§ **Directions**:
When you transcribe the records that follow, reproduce each line exactly as given.

§ **Extracted data entries**:

──────────

lemma admits_parabolic_subdivision_sign_cells:
  assumes "finite K" "\<forall>k\<in>K. parabolic_coeffs k"
    and "\<And>S. S \<subseteq> K \<Longrightarrow> \<exists>M w k. \<forall>s\<in>sign_cell K S. F s = ereal (quad_fun M w k s)"
  shows "admits_parabolic_subdivision F"
  unfolding admits_parabolic_subdivision_def
proof (intro exI[of _ "sign_cell K ` Pow K"] conjI ballI impI)
  show "finite (sign_cell K ` Pow K)" using assms(1) by simp
  show "\<Union> (sign_cell K ` Pow K) = UNIV" using sign_cells_cover by blast
  fix R1 assume "R1 \<in> sign_cell K ` Pow K"
  then obtain S1 where S1: "S1 \<subseteq> K" "R1 = sign_cell K S1" by blast
  then show "parabolic_region R1" using parabolic_region_sign_cell assms(1,2) by blast
  show "\<exists>M w k. \<forall>s\<in>R1. F s = ereal (quad_fun M w k s)" using S1 assms(3) by blast
  fix R2 assume "R2 \<in> sign_cell K ` Pow K" "R1 \<noteq> R2"
  then obtain S2 where "S2 \<subseteq> K" "R2 = sign_cell K S2" "S1 \<noteq> S2" using S1 by blast
  then show "R1 \<inter> R2 = {} \<or> (\<exists>P. parabola P \<and> R1 \<inter> R2 \<subseteq> P)"
    using sign_cells_inter_parabola[OF assms(2) S1(1)] S1(2) by blast
qed

section \<open>Conjugates and convex envelopes\<close>

lemma conjugate_INF: "conjugate (\<lambda>x. INF j\<in>J. f j x) = (\<lambda>s. SUP j\<in>J. conjugate (f j) s)"
proof (rule ext, cases "J = {}")
  case True
  then show "conjugate (\<lambda>x. INF j\<in>J. f j x) s = (SUP j\<in>J. conjugate (f j) s)" for s
    by (simp add: conjugate_def top_ereal_def bot_ereal_def)
next
  case False
  then have "ereal (s \<bullet> x) - (INF j\<in>J. f j x) = (SUP j\<in>J. ereal (s \<bullet> x) - f j x)" for s x
    by (simp add: SUP_ereal_minus_right)
  then show "conjugate (\<lambda>x. INF j\<in>J. f j x) s = (SUP j\<in>J. conjugate (f j) s)" for s
    unfolding conjugate_def by (simp add: SUP_commute[of _ UNIV J])
qed

lemma convex_envelope_le: "convex_envelope g x \<le> g x"
  unfolding convex_envelope_def by (rule SUP_least) auto
lemma nonneg_quadratic_linear_coeff_eq_0:
  fixes b c :: real
  assumes nonneg: "\<And>t. 0 \<le> t * b + t\<^sup>2 * c" and "0 \<le> c"
  shows "b = 0"
proof (rule ccontr)
  assume "b \<noteq> 0"
  define t where "t = - b / (c + 1)"
  have e: "t * (c + 1) = - b"
    unfolding t_def using \<open>0 \<le> c\<close> by simp
  have "(c + 1)\<^sup>2 * (t * b + t\<^sup>2 * c) = (t * (c + 1)) * b * (c + 1) + (t * (c + 1))\<^sup>2 * c"
    by (simp add: algebra_simps power2_eq_square)
  also have "\<dots> = - b\<^sup>2"
    unfolding e by (simp add: algebra_simps power2_eq_square)
  finally have "(c + 1)\<^sup>2 * (t * b + t\<^sup>2 * c) < 0"
    using \<open>b \<noteq> 0\<close> by simp
  moreover have "0 \<le> (c + 1)\<^sup>2 * (t * b + t\<^sup>2 * c)"
    using nonneg[of t] by simp
  ultimately show False
    by simp
qed

lemma nonneg_quadratic_discriminant:
  fixes A B C :: real
  assumes nonneg: "\<And>t. 0 \<le> A + 2 * t * B + t\<^sup>2 * C" and "0 \<le> C"
  shows "B\<^sup>2 \<le> A * C"
proof (cases "C = 0")
  case True
  show ?thesis
  proof (cases "B = 0")
    case False
    have "0 \<le> A + 2 * (-(A + 1) / (2 * B)) * B + (-(A + 1) / (2 * B))\<^sup>2 * C"
      by (rule nonneg)
    also have "\<dots> = -1"
      using False True by (simp add: field_simps)
    finally show ?thesis
      by simp
  qed (use True in simp)
next
  case False
  with \<open>0 \<le> C\<close> have C: "C > 0"
    by simp
  have "0 \<le> A + 2 * (- B / C) * B + (- B / C)\<^sup>2 * C"
    by (rule nonneg)
  also have "\<dots> = (A * C - B\<^sup>2) / C"
    using C by (simp add: field_simps power2_eq_square)
  finally show ?thesis
    using C by (simp add: zero_le_divide_iff)
qed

──────────

§ **Your solution**:
lemma admits_parabolic_subdivision_sign_cells:
  assumes "finite K" "\<forall>k\<in>K. parabolic_coeffs k"
    and "\<And>S. S \<subseteq> K \<Longrightarrow> \<exists>M w k. \<forall>s\<in>sign_cell K S. F s = ereal (quad_fun M w k s)"
  shows "admits_parabolic_subdivision F"
  unfolding admits_parabolic_subdivision_def
proof (intro exI[of _ "sign_cell K ` Pow K"] conjI ballI impI)
  show "finite (sign_cell K ` Pow K)" using assms(1) by simp
  show "\<Union> (sign_cell K ` Pow K) = UNIV" using sign_cells_cover by blast
  fix R1 assume "R1 \<in> sign_cell K ` Pow K"
  then obtain S1 where S1: "S1 \<subseteq> K" "R1 = sign_cell K S1" by blast
  then show "parabolic_region R1" using parabolic_region_sign_cell assms(1,2) by blast
  show "\<exists>M w k. \<forall>s\<in>R1. F s = ereal (quad_fun M w k s)" using S1 assms(3) by blast
  fix R2 assume "R2 \<in> sign_cell K ` Pow K" "R1 \<noteq> R2"
  then obtain S2 where "S2 \<subseteq> K" "R2 = sign_cell K S2" "S1 \<noteq> S2" using S1 by blast
  then show "R1 \<inter> R2 = {} \<or> (\<exists>P. parabola P \<and> R1 \<inter> R2 \<subseteq> P)"
    using sign_cells_inter_parabola[OF assms(2) S1(1)] S1(2) by blast
qed

section \<open>Conjugates and convex envelopes\<close>

lemma conjugate_INF: "conjugate (\<lambda>x. INF j\<in>J. f j x) = (\<lambda>s. SUP j\<in>J. conjugate (f j) s)"
proof (rule ext, cases "J = {}")
  case True
  then show "conjugate (\<lambda>x. INF j\<in>J. f j x) s = (SUP j\<in>J. conjugate (f j) s)" for s
    by (simp add: conjugate_def top_ereal_def bot_ereal_def)
next
  case False
  then have "ereal (s \<bullet> x) - (INF j\<in>J. f j x) = (SUP j\<in>J. ereal (s \<bullet> x) - f j x)" for s x
    by (simp add: SUP_ereal_minus_right)
  then show "conjugate (\<lambda>x. INF j\<in>J. f j x) s = (SUP j\<in>J. conjugate (f j) s)" for s
    unfolding conjugate_def by (simp add: SUP_commute[of _ UNIV J])
qed

lemma convex_envelope_le: "convex_envelope g x \<le> g x"
  unfolding convex_envelope_def by (rule SUP_least) auto
lemma nonneg_quadratic_linear_coeff_eq_0:
  fixes b c :: real
  assumes nonneg: "\<And>t. 0 \<le> t * b + t\<^sup>2 * c" and "0 \<le> c"
  shows "b = 0"
proof (rule ccontr)
  assume "b \<noteq> 0"
  define t where "t = - b / (c + 1)"
  have e: "t * (c + 1) = - b"
    unfolding t_def using \<open>0 \<le> c\<close> by simp
  have "(c + 1)\<^sup>2 * (t * b + t\<^sup>2 * c) = (t * (c + 1)) * b * (c + 1) + (t * (c + 1))\<^sup>2 * c"
    by (simp add: algebra_simps power2_eq_square)
  also have "\<dots> = - b\<^sup>2"
    unfolding e by (simp add: algebra_simps power2_eq_square)
  finally have "(c + 1)\<^sup>2 * (t * b + t\<^sup>2 * c) < 0"
    using \<open>b \<noteq> 0\<close> by simp
  moreover have "0 \<le> (c + 1)\<^sup>2 * (t * b + t\<^sup>2 * c)"
    using nonneg[of t] by simp
  ultimately show False
    by simp
qed

lemma nonneg_quadratic_discriminant:
  fixes A B C :: real
  assumes nonneg: "\<And>t. 0 \<le> A + 2 * t * B + t\<^sup>2 * C" and "0 \<le> C"
  shows "B\<^sup>2 \<le> A * C"
proof (cases "C = 0")
  case True
  show ?thesis
  proof (cases "B = 0")
    case False
    have "0 \<le> A + 2 * (-(A + 1) / (2 * B)) * B + (-(A + 1) / (2 * B))\<^sup>2 * C"
      by (rule nonneg)
    also have "\<dots> = -1"
      using False True by (simp add: field_simps)
    finally show ?thesis
      by simp
  qed (use True in simp)
next
  case False
  with \<open>0 \<le> C\<close> have C: "C > 0"
    by simp
  have "0 \<le> A + 2 * (- B / C) * B + (- B / C)\<^sup>2 * C"
    by (rule nonneg)
  also have "\<dots> = (A * C - B\<^sup>2) / C"
    using C by (simp add: field_simps power2_eq_square)
  finally show ?thesis
    using C by (simp add: zero_le_divide_iff)
qed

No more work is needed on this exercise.